The data:
lemma drift_affine:
  fixes c q u v e d h :: real
  assumes "c = e / d" "u = (e + h) / d" "v = (e - h) / d" and "0 < d" "0 \<le> e" "0 \<le> q"
  shows "c * (1 - q) \<le> (u + v) / 2"
proof -
  have "0 \<le> e / d * q" using assms by simp
  moreover have "((e + h) / d + (e - h) / d) / 2 = e / d" using assms by (simp add: field_simps)
  ultimately show ?thesis using assms by (simp add: right_diff_distrib)
qed

text \<open>\<open>ramp_weight b z y\<close> and \<open>tent_weight a b x y\<close> are the probabilities that the embedded
walk started at \<open>y\<close> visits \<open>z\<close> before \<open>b\<close>, resp. \<open>x\<close> before \<open>{a, b}\<close>.\<close>

definition ramp_weight :: "int \<Rightarrow> int \<Rightarrow> int \<Rightarrow> real" where
  "ramp_weight b z y = (if y \<le> z then 1 else real_of_int (b - y) / real_of_int (b - z))"

definition tent_weight :: "int \<Rightarrow> int \<Rightarrow> int \<Rightarrow> int \<Rightarrow> real" where
  "tent_weight a b x y =
     (if y \<le> x then real_of_int (y - a) / real_of_int (x - a) else real_of_int (b - y) / real_of_int (b - x))"

lemma ramp_weight_drift:
  fixes z :: int
  assumes z: "a \<le> z" "z < b" and \<sigma>: "\<forall>y\<in>{a..b}. 0 < \<sigma> y" and y: "y \<in> {a..b}" "y \<noteq> b"
  defines "\<theta> \<equiv> 1 / (2 * real_of_int (b - z) * \<sigma> z)"
  shows "ramp_weight b z y * (1 - \<theta> * ctrw_hold a b \<sigma> y 1)
      \<le> (ramp_weight b z (ctrw_next a b y True) + ramp_weight b z (ctrw_next a b y False)) / 2"
proof -
  have \<sigma>z: "0 < \<sigma> z" and d: "0 < real_of_int (b - z)" using \<sigma> z by auto
  have \<theta>H: "0 \<le> \<theta> * ctrw_hold a b \<sigma> y 1"
    using ctrw_hold_pos[OF \<sigma> y(1), of 1] \<sigma>z d by (simp add: \<theta>_def)
  consider "y < z" | "y = z" "z = a" | "y = z" "a < z" | "z < y" using y z by linarith
  then show ?thesis
  proof cases
    case 1
    then show ?thesis
      using \<theta>H by (intro drift_affine[where e=1 and d=1 and h=0]) (auto simp: ramp_weight_def ctrw_next_def)
  next
    case 2
    define d where "d = real_of_int (b - a)"
    have "0 < d" using z by (simp add: d_def)
    show ?thesis
    proof (rule drift_by_values[where C=1 and Q="1 / d" and U="(d - 1) / d" and V="(d - 1) / d"])
      show "1 * (1 - 1 / d) \<le> ((d - 1) / d + (d - 1) / d) / 2"
        using \<open>0 < d\<close> by (simp add: field_simps)
    qed (use 2 z \<sigma>z in \<open>auto simp: \<theta>_def d_def ramp_weight_def ctrw_hold_def ctrw_next_def field_simps\<close>)
  next
    case 3
    define d where "d = real_of_int (b - z)"
    have "0 < d" using z by (simp add: d_def)
    show ?thesis
    proof (rule drift_by_values[where C=1 and Q="1 / (2 * d)" and U="(d - 1) / d" and V=1])
      show "1 * (1 - 1 / (2 * d)) \<le> ((d - 1) / d + 1) / 2"
        using \<open>0 < d\<close> by (simp add: field_simps)
    qed (use 3 z \<sigma>z in \<open>auto simp: \<theta>_def d_def ramp_weight_def ctrw_hold_def ctrw_next_def field_simps\<close>)
  next
    case 4
    define d e where "d = real_of_int (b - z)" and "e = real_of_int (b - y)"
    have "0 < d" "0 \<le> e" using z y by (simp_all add: d_def e_def)
    then show ?thesis
      using 4 y z \<theta>H
      by (intro drift_affine[where e=e and d=d and h="-1"]) (auto simp: d_def e_def ramp_weight_def ctrw_next_def)
  qed
qed

lemma tent_weight_drift:
  fixes x :: int
  assumes x: "a < x" "x < b" and \<sigma>: "\<forall>y\<in>{a..b}. 0 < \<sigma> y" and y: "y \<in> {a..b}" "y \<notin> {a, b}"
  defines "\<theta> \<equiv> 1 / (real_of_int (min (x - a) (b - x)) * \<sigma> x)"
  shows "tent_weight a b x y * (1 - \<theta> * ctrw_hold a b \<sigma> y 1)
      \<le> (tent_weight a b x (ctrw_next a b y True) + tent_weight a b x (ctrw_next a b y False)) / 2"
proof -
  define m where "m = real_of_int (min (x - a) (b - x))"
  have \<sigma>x: "0 < \<sigma> x" and m: "1 \<le> m" and xa: "0 < real_of_int (x - a)" and bx: "0 < real_of_int (b - x)"
    using \<sigma> x by (auto simp: m_def)
  have \<theta>H: "0 \<le> \<theta> * ctrw_hold a b \<sigma> y 1"
    using ctrw_hold_pos[OF \<sigma> y(1), of 1] \<sigma>x x by (simp add: \<theta>_def)
  have next_y: "ctrw_next a b y True = y + 1" "ctrw_next a b y False = y - 1"
    using y by (auto simp: ctrw_next_def)
  consider "y < x" | "y = x" | "x < y" by linarith
  then show ?thesis
  proof cases
    case 1
    define d e where "d = real_of_int (x - a)" and "e = real_of_int (y - a)"
    have "0 < d" "0 \<le> e" using x y by (simp_all add: d_def e_def)
    then show ?thesis
      using 1 \<theta>H
      by (intro drift_affine[where e=e and d=d and h=1]) (auto simp: d_def e_def tent_weight_def next_y)
  next
    case 2
    show ?thesis
    proof (rule drift_by_values[where C=1 and Q="1 / m"
          and U="1 - 1 / real_of_int (b - x)" and V="1 - 1 / real_of_int (x - a)"])
      have "1 / real_of_int (b - x) \<le> 1 / m" "1 / real_of_int (x - a) \<le> 1 / m"
        using m by (auto simp: m_def intro!: divide_left_mono)
      then show "1 * (1 - 1 / m) \<le> (1 - 1 / real_of_int (b - x) + (1 - 1 / real_of_int (x - a))) / 2"
        by simp
    qed (use 2 y \<sigma>x xa bx next_y in \<open>auto simp: \<theta>_def m_def tent_weight_def ctrw_hold_def field_simps\<close>)
  next
    case 3
    define d e where "d = real_of_int (b - x)" and "e = real_of_int (b - y)"
    have "0 < d" "0 \<le> e" using x y by (simp_all add: d_def e_def)
    moreover have "tent_weight a b x (y - 1) = (e - -1) / d"
    proof -
      have "y - 1 = x \<or> x < y - 1" using 3 by linarith
      then show ?thesis using xa bx by (auto simp: d_def e_def tent_weight_def)
    qed
    ultimately show ?thesis
      using 3 \<theta>H
      by (intro drift_affine[where e=e and d=d and h="-1"]) (auto simp: d_def e_def tent_weight_def next_y)
  qed
qed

Task to complete: Which of the lines in the listing above include "fixes"? Report each of them.

Answer to the exercise:
  fixes c q u v e d h :: real
  fixes z :: int
  fixes x :: int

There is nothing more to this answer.